─── Study material

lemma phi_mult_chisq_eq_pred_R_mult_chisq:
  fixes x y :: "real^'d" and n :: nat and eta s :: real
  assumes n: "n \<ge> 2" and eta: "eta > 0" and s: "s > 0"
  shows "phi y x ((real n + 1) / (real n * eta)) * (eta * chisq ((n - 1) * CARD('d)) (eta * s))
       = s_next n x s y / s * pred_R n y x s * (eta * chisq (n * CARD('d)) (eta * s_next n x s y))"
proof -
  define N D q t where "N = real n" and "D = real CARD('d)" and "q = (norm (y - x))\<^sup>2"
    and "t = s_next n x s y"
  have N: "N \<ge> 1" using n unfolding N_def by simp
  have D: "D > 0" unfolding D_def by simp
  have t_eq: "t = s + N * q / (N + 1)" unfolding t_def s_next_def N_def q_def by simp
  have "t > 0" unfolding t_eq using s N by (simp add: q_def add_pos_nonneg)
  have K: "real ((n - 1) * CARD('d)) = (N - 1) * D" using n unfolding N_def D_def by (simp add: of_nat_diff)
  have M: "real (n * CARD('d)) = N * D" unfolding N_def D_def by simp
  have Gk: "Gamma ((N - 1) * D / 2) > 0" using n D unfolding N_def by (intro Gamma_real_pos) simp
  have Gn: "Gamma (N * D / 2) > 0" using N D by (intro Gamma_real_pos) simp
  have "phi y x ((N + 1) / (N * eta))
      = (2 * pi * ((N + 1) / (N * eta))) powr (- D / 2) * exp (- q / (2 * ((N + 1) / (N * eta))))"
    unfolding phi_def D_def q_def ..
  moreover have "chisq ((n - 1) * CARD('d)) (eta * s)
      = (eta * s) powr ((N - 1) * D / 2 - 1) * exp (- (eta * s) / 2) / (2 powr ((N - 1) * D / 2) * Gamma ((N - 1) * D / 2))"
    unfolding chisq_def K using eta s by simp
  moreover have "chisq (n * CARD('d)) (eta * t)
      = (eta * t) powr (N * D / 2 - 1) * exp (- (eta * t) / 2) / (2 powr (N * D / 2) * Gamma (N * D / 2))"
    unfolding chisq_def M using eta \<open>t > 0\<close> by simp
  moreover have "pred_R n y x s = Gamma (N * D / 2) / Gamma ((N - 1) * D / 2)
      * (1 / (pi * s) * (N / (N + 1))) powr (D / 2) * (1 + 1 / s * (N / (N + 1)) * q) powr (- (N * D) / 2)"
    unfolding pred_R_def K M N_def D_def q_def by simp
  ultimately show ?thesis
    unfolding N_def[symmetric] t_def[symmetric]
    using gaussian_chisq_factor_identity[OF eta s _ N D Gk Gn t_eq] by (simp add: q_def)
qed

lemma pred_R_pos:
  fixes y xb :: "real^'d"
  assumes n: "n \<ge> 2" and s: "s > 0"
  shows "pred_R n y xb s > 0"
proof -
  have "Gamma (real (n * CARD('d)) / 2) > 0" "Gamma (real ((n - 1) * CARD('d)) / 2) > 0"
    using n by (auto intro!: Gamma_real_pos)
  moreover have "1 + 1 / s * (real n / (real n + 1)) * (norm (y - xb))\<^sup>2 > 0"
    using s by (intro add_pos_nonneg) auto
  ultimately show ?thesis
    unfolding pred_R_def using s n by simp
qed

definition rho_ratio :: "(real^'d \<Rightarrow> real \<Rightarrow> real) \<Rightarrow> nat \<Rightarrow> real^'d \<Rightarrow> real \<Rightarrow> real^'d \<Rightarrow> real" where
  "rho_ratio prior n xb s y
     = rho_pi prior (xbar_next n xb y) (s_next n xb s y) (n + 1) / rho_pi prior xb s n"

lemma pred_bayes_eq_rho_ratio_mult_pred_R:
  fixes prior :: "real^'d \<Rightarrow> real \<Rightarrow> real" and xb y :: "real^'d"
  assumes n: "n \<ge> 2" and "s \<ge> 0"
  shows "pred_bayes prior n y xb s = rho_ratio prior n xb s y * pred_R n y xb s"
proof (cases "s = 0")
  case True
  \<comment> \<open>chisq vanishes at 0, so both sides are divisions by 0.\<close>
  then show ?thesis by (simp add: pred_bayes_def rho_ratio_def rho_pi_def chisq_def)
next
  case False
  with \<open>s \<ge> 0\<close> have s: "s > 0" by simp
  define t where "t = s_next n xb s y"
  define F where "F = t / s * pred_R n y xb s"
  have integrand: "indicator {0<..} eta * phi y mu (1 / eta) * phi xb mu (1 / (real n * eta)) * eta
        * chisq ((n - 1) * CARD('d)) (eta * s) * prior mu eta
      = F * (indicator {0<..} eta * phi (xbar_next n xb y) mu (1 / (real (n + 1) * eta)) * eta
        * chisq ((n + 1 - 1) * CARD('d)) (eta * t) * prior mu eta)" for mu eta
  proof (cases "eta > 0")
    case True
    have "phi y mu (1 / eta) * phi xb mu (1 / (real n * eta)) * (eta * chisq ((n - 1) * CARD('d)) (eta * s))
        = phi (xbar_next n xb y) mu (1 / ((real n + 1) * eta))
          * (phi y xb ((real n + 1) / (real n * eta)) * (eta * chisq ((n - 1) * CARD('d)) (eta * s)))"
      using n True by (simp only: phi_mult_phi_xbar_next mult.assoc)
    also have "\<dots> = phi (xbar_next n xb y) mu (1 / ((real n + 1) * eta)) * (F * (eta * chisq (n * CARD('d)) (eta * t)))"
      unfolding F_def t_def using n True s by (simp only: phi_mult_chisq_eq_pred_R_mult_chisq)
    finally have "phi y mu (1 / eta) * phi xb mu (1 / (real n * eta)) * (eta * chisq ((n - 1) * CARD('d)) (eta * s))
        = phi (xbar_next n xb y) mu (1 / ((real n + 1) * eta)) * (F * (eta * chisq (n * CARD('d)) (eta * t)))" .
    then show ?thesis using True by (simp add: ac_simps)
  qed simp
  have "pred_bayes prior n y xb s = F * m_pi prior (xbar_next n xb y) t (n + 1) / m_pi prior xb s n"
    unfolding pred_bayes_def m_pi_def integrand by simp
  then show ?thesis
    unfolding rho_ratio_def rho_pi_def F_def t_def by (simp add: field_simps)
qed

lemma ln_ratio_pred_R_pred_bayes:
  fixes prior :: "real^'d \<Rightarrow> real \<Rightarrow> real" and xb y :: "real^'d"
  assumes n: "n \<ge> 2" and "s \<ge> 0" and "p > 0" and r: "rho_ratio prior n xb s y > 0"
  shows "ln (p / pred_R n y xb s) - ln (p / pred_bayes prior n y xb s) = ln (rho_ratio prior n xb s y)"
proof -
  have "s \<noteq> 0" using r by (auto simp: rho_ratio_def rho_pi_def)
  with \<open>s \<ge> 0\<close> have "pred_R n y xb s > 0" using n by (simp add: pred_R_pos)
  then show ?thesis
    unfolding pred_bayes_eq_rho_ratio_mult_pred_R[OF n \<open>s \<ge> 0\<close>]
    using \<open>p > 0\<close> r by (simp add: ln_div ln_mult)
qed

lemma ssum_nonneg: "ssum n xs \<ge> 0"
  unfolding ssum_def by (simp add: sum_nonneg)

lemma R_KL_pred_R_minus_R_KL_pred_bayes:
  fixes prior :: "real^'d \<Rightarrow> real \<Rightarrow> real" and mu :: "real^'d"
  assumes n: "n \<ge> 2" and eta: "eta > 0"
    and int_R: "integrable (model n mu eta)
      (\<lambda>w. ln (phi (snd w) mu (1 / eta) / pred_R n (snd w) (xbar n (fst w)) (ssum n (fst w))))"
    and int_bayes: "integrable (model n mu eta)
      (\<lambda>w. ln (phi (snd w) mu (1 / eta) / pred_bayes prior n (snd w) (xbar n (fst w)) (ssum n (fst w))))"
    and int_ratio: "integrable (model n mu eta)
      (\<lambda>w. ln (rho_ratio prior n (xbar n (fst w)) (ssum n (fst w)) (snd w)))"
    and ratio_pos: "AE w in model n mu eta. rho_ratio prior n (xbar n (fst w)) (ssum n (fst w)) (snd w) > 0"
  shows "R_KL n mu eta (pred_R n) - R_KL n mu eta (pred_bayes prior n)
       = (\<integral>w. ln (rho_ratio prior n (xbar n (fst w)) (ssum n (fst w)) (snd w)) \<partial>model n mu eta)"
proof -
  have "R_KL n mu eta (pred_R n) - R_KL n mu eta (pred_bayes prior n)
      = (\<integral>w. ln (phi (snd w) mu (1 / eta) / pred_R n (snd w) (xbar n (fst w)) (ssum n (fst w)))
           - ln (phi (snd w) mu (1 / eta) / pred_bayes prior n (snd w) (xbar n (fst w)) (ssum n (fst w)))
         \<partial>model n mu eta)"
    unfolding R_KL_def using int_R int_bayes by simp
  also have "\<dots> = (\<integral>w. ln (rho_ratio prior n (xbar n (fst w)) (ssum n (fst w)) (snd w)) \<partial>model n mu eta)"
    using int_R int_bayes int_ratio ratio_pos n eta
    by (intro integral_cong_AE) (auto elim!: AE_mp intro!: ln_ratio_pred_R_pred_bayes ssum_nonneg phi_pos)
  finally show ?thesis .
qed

──────
─── Study material

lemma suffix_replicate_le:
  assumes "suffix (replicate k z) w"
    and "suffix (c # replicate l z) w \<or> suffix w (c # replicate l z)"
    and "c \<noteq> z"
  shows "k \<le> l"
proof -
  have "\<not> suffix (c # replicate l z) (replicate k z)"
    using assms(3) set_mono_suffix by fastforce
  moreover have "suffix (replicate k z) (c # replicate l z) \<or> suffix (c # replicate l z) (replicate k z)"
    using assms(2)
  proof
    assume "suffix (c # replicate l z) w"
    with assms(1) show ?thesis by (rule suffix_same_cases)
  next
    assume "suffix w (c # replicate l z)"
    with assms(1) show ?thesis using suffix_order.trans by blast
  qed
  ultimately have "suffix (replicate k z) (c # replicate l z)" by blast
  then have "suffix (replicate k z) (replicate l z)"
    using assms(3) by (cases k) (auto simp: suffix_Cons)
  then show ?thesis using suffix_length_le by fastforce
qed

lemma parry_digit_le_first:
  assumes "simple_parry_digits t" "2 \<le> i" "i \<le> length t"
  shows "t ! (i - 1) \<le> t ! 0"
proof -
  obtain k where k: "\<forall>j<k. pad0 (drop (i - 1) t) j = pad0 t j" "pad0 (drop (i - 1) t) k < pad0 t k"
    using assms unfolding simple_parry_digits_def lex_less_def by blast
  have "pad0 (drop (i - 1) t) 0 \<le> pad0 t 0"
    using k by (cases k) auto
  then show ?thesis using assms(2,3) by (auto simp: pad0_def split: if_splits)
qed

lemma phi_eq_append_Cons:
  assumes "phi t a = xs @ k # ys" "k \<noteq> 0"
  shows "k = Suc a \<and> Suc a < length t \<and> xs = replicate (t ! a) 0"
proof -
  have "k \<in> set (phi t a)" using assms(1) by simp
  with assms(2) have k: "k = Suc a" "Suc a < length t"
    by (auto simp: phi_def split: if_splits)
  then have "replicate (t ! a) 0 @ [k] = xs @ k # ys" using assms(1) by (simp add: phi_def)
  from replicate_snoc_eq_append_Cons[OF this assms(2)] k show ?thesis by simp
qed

──────
─── Study material

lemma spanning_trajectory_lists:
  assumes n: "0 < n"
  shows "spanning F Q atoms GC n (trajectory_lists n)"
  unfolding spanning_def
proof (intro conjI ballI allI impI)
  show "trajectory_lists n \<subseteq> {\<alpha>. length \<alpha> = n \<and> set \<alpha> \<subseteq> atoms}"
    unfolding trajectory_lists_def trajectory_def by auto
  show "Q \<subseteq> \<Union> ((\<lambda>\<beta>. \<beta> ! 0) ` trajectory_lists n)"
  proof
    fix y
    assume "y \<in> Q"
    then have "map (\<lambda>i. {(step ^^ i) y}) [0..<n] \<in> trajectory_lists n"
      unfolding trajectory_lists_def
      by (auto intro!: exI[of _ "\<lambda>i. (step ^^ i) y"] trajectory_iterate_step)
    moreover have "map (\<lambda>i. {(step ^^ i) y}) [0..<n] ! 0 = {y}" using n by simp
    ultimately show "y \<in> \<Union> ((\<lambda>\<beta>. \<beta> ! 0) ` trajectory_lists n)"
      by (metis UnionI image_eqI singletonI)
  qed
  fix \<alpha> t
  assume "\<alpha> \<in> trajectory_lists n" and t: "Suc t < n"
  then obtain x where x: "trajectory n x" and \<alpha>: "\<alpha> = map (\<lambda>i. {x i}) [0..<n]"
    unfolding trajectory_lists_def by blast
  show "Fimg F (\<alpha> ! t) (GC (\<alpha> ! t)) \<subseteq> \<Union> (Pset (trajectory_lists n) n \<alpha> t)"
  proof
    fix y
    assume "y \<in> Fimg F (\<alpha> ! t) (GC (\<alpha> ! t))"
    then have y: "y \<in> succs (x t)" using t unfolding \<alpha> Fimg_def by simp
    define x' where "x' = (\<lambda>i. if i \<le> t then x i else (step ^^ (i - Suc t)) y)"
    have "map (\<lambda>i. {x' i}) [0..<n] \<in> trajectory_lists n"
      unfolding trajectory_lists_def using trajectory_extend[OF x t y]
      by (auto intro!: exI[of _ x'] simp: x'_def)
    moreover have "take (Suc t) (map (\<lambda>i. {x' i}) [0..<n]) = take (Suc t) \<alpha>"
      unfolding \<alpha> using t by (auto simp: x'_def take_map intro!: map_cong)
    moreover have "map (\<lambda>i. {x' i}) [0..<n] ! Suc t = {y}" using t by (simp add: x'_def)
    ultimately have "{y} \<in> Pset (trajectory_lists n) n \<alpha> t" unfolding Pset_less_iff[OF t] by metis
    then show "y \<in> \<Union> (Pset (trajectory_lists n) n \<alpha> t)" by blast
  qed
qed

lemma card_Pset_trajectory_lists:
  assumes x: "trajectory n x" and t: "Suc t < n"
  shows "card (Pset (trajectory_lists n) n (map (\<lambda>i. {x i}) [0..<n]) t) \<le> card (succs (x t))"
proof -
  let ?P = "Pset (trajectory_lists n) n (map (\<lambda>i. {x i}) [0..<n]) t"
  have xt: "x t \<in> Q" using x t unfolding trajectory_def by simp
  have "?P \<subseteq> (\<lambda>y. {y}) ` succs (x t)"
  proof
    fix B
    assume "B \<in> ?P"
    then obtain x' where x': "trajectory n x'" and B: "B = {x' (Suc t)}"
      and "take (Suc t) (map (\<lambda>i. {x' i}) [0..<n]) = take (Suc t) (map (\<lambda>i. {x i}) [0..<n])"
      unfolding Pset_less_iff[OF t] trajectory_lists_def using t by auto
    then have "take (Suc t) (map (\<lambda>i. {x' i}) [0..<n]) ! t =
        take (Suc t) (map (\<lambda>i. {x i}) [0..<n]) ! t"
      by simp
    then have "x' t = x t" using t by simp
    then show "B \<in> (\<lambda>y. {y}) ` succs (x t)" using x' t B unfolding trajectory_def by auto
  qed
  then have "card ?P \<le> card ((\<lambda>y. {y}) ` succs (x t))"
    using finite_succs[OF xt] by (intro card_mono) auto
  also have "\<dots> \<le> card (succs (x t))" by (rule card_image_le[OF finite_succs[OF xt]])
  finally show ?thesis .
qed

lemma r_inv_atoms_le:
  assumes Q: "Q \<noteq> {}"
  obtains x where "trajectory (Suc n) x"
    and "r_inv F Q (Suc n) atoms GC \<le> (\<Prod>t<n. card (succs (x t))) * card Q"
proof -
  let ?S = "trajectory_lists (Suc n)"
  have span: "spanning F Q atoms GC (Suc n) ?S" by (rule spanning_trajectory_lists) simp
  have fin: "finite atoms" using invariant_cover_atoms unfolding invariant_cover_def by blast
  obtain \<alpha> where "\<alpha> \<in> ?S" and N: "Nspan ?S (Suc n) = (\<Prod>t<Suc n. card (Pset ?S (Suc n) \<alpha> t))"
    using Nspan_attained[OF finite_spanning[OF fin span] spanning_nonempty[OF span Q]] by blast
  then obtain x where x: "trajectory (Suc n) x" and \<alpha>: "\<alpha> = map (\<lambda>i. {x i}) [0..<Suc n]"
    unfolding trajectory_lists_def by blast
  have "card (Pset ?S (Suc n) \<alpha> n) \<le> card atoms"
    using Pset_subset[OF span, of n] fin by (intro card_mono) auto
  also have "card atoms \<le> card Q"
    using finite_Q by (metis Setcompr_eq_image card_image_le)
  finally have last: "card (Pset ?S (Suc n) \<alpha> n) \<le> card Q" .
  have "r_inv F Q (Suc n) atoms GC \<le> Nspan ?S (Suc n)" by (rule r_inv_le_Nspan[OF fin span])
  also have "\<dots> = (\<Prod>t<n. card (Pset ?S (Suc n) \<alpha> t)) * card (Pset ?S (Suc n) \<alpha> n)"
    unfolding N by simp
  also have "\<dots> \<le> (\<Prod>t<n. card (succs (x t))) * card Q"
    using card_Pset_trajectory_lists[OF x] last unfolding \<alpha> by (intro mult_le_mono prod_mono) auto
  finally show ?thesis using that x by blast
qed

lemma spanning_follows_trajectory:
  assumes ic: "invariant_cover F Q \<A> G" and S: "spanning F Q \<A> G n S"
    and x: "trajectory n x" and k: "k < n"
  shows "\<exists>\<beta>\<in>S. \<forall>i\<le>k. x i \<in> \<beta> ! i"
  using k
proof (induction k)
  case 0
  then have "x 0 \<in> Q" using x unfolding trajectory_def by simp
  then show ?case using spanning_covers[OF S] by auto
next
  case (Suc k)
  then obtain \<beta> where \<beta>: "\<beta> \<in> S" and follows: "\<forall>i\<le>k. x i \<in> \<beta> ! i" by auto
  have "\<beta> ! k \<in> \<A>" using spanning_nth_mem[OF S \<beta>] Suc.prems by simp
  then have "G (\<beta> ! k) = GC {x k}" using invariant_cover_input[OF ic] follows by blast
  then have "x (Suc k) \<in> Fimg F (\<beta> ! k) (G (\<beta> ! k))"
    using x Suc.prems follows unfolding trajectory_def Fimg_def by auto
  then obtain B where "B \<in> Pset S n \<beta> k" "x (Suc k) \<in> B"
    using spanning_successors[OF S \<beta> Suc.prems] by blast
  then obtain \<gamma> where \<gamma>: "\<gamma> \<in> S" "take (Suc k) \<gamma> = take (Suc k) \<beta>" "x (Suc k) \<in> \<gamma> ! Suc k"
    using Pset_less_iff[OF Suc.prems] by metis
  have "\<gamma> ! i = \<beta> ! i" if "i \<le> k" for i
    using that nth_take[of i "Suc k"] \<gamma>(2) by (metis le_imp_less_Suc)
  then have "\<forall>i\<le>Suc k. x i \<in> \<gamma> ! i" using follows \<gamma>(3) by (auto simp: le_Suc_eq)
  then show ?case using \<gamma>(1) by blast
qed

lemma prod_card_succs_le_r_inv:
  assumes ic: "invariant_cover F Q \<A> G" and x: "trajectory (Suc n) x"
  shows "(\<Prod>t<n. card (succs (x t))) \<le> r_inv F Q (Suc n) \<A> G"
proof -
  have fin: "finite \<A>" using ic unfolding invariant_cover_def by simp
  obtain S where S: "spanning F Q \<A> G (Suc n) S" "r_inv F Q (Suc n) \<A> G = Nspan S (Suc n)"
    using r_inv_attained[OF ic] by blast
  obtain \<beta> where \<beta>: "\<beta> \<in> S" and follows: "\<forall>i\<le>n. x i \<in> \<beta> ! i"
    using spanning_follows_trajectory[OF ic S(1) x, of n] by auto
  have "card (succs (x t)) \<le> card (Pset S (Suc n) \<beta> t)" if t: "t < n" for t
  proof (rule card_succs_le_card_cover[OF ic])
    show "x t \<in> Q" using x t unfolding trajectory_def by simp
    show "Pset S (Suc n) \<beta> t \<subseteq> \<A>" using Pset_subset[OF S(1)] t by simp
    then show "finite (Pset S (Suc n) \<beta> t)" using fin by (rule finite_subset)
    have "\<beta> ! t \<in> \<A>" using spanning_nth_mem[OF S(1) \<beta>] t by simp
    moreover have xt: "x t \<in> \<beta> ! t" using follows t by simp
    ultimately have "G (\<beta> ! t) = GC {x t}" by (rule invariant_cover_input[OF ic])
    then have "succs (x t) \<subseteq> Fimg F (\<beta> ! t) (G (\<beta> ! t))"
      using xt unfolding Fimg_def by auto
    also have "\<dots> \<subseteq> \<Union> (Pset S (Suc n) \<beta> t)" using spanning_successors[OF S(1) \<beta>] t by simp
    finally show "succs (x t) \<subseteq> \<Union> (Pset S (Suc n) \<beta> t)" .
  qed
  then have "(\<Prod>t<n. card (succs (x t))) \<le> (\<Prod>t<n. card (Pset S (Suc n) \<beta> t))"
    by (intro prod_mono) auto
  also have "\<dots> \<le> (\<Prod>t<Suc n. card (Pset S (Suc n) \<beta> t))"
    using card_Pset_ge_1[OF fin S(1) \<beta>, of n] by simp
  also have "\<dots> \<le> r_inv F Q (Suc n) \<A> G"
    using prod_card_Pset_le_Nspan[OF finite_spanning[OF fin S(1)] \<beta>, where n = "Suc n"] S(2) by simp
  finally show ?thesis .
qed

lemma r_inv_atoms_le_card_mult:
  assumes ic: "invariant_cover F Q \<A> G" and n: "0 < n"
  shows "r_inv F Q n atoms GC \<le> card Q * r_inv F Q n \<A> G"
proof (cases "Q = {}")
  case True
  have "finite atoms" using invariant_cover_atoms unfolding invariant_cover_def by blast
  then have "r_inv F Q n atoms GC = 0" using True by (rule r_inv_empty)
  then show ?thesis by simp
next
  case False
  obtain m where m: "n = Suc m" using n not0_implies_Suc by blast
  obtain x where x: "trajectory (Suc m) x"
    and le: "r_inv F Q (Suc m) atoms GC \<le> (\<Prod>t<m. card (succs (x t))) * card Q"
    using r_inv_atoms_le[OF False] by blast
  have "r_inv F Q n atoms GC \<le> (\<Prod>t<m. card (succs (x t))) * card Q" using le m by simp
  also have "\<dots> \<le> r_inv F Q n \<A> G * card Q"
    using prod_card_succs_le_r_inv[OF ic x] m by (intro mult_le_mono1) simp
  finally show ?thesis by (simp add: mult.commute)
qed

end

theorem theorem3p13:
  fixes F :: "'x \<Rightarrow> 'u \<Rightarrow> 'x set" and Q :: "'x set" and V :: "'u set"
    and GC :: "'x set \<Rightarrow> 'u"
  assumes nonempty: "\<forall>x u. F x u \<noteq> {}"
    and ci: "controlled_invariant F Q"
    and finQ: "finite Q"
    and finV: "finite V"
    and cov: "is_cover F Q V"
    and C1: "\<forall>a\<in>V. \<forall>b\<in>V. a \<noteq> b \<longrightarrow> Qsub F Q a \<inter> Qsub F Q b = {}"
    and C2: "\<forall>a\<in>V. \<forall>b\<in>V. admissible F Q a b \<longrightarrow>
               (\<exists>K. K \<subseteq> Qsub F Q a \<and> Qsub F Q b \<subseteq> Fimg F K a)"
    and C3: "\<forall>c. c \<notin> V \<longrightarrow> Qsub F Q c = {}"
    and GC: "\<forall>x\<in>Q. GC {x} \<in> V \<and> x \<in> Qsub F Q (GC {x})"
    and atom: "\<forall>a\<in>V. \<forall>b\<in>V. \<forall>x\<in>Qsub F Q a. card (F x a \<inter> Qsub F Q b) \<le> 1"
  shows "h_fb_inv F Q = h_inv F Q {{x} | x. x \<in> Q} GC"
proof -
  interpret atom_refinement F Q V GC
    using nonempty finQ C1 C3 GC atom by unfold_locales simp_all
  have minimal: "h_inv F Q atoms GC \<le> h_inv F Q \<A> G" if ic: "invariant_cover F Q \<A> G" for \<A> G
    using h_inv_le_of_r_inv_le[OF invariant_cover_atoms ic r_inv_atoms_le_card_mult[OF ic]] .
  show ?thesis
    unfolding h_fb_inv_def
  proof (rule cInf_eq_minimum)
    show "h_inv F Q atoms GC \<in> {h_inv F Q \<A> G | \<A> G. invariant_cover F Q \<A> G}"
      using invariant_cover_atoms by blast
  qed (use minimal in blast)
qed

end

──────

Problem requirements:
Set down exactly the lines of the data above, beginning with the line that has "unfolding chisq_def K using eta s by simp" and ending with the line that has "x s = Gamma", and no others.

Answer section:
    unfolding chisq_def K using eta s by simp
  moreover have "chisq (n * CARD('d)) (eta * t)
      = (eta * t) powr (N * D / 2 - 1) * exp (- (eta * t) / 2) / (2 powr (N * D / 2) * Gamma (N * D / 2))"
    unfolding chisq_def M using eta \<open>t > 0\<close> by simp
  moreover have "pred_R n y x s = Gamma (N * D / 2) / Gamma ((N - 1) * D / 2)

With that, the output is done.